Re: [PATCH v4 0/5] mm/zswap: Implement per-cgroup proactive writeback
From: Yosry Ahmed
Date: Mon Jun 22 2026 - 17:29:38 EST
On Mon, Jun 22, 2026 at 3:04 AM Youngjun Park <youngjun.park@xxxxxxx> wrote:
>
> On Mon, Jun 22, 2026 at 02:08:49PM +0800, Hao Jia wrote:
> >
> >
> > On 2026/6/21 12:20, Muchun Song wrote:
> > >
> > >
> > > > On Jun 18, 2026, at 12:48, Hao Jia <jiahao.kernel@xxxxxxxxx> wrote:
> > > >
> > > > From: Hao Jia <jiahao1@xxxxxxxxxxx>
> > > >
> > > > Zswap currently writes back pages to backing swap reactively, triggered
> > > > either by the shrinker or by the pool reaching its size limit. Although
> > > > proactive memory reclaim can automatically write back a portion of zswap
> > > > pages via the shrinker, it cannot explicitly control the amount of
> > > > writeback for a specific memory cgroup. Moreover, proactive memory reclaim
> > > > may not always be triggered during a steady state.
> > > >
> > > > In certain scenarios, it is desirable to trigger writeback in advance to
> > > > free up memory. For example, users may want to prepare for an upcoming
> > > > memory-intensive workload by flushing cold memory to the backing storage
> > > > when the system is relatively idle.
> > > >
> > > > This patch series introduces a "zswap_writeback_only" key to memory.reclaim
> > > > cgroup interface, allowing users to proactively write back cold compressed
> > > > data from zswap to the backing swap device. When specified, this key
> > > > bypasses standard memory reclaim and exclusively performs proactive zswap
> > > > writeback up to the requested budget. If omitted, the default reclaim
> > > > behavior remains unchanged.
> > > >
> > > > Example usage:
> > > > # Write back 10MB of compressed data from zswap to the backing swap
> > > > echo "10M zswap_writeback_only" > memory.reclaim
> > >
> > > I’m not entirely sure if other candidate names were already brought up
> > > in previous discussions, so my apologies if I'm repeating something here!
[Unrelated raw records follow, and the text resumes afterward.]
lemma has_integral_weight_square_deriv:
  assumes "0 \<le> L" "0 < c" "d < L" "supported_smooth c d F"
  shows "((\<lambda>x. (2 * (x - x0))^(2 * j + 1) * (2 * deriv F x * F x) + (2 * real j + 1) * 2
      * ((2 * (x - x0))^(2 * j) * (F x)^2))
     has_integral 0) {0..L}"
proof -
  have C: "real_smooth F" "vanishes_outside c d F" using assms(4) by (auto simp: supported_smooth_def)
  have f0: "F 0 = 0" "F L = 0" using assms(2,3) C(2) by (auto simp: vanishes_outside_def)
  have "((\<lambda>x. (2 * (x - x0))^(2 * j + 1) * (2 * deriv F x * F x) + (2 * real j + 1) * 2
      * ((2 * (x - x0))^(2 * j) * (F x)^2))
     has_integral ((2 * (L - x0))^(2 * j + 1) * (F L)^2 - (2 * (0 - x0))^(2 * j + 1) * (F 0)^2)) {0..L}"
  proof (rule fundamental_theorem_of_calculus[OF assms(1)])
    fix x assume "x \<in> {0..L}"
    have d1: "((\<lambda>x. (2 * (x - x0))^Suc (2 * j)) has_field_derivative
        ((1 + real (2 * j)) * (2 * (2 * (x - x0))^(2 * j)))) (at x)"
      by (intro DERIV_power_Suc) (auto intro!: derivative_eq_intros)
    have d2: "((\<lambda>x. F x * F x) has_field_derivative (deriv F x * F x + F x * deriv F x)) (at x)"
      by (auto intro!: derivative_eq_intros real_smooth_has_deriv[OF C(1)])
    have d3: "((\<lambda>x. (2 * (x - x0))^Suc (2 * j) * (F x * F x)) has_field_derivative
        ((2 * (x - x0))^(2 * j + 1) * (2 * deriv F x * F x) + (2 * real j + 1) * 2
            * ((2 * (x - x0))^(2 * j) * (F x)^2))) (at x)"
      using DERIV_mult[OF d1 d2] by (simp add: power2_eq_square algebra_simps)
    have eq: "(\<lambda>x. (2 * (x - x0))^(2 * j + 1) * (F x)^2)
        = (\<lambda>x. (2 * (x - x0))^Suc (2 * j) * (F x * F x))"
      by (simp add: power2_eq_square)
    from d3 have "((\<lambda>x. (2 * (x - x0))^(2 * j + 1) * (F x)^2) has_field_derivative
        ((2 * (x - x0))^(2 * j + 1) * (2 * deriv F x * F x) + (2 * real j + 1) * 2
            * ((2 * (x - x0))^(2 * j) * (F x)^2))) (at x)"
      by (simp only: eq)
    then show "((\<lambda>x. (2 * (x - x0))^(2 * j + 1) * (F x)^2) has_vector_derivative
        ((2 * (x - x0))^(2 * j + 1) * (2 * deriv F x * F x) + (2 * real j + 1) * 2
            * ((2 * (x - x0))^(2 * j) * (F x)^2)))
        (at x within {0..L})"
      by (simp add: has_real_derivative_iff_has_vector_derivative[symmetric]
          has_field_derivative_at_within)
  qed
  then show ?thesis using f0 by simp
qed
lemma holder_on_imp_bounded:
  assumes "holder_on b S u" "bounded S" "0 \<le> b"
  shows "bounded (u ` S)"
proof (cases "S = {}")
  case False
  then obtain x0 where x0: "x0 \<in> S" by blast
  obtain K where K: "0 \<le> K" "\<And>x y. x \<in> S \<Longrightarrow> y \<in> S \<Longrightarrow> \<bar>u x - u y\<bar> \<le> K * \<bar>x - y\<bar> powr b"
    using assms(1) by (metis holder_onE)
  have "\<bar>u x\<bar> \<le> \<bar>u x0\<bar> + K * diameter S powr b" if "x \<in> S" for x
  proof -
    have "\<bar>x - x0\<bar> \<le> diameter S"
      using diameter_bounded_bound[OF assms(2) that x0] by (simp add: dist_real_def)
    then have "K * \<bar>x - x0\<bar> powr b \<le> K * diameter S powr b"
      using K(1) assms(3) by (intro mult_left_mono powr_mono2) auto
    then show ?thesis using K(2)[OF that x0] by linarith
  qed
  then show ?thesis unfolding bounded_iff by (intro exI[of _ "\<bar>u x0\<bar> + K * diameter S powr b"]) auto
qed simp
> > > I do think expanding memory.reclaim is a great approach. That said, I
> > > was wondering if we could make the interface a bit more concise while
> > > keeping it flexible for future extensions.
> > >
> > > Essentially, what we want is to control the specific targets of the reclaim
> > > process—such as file, anon, or zswap. What do you think about using
> > > something like "source=zswap"? For instance, if we want to reclaim 10M from
> > > zswap, the command would look like this:
> > >
> > > echo "10M source=zswap" > memory.reclaim
I like this suggestion, but I think ultimately we want proactive zswap
writeback to be part of a more general proactive swap demotion, and
zswap is just a swap tier.
> > >
[..]
>
> I also preferred sharing the `memory.reclaim` interface in the future swap demotion,
> since it already takes `zswap_writeback_only`.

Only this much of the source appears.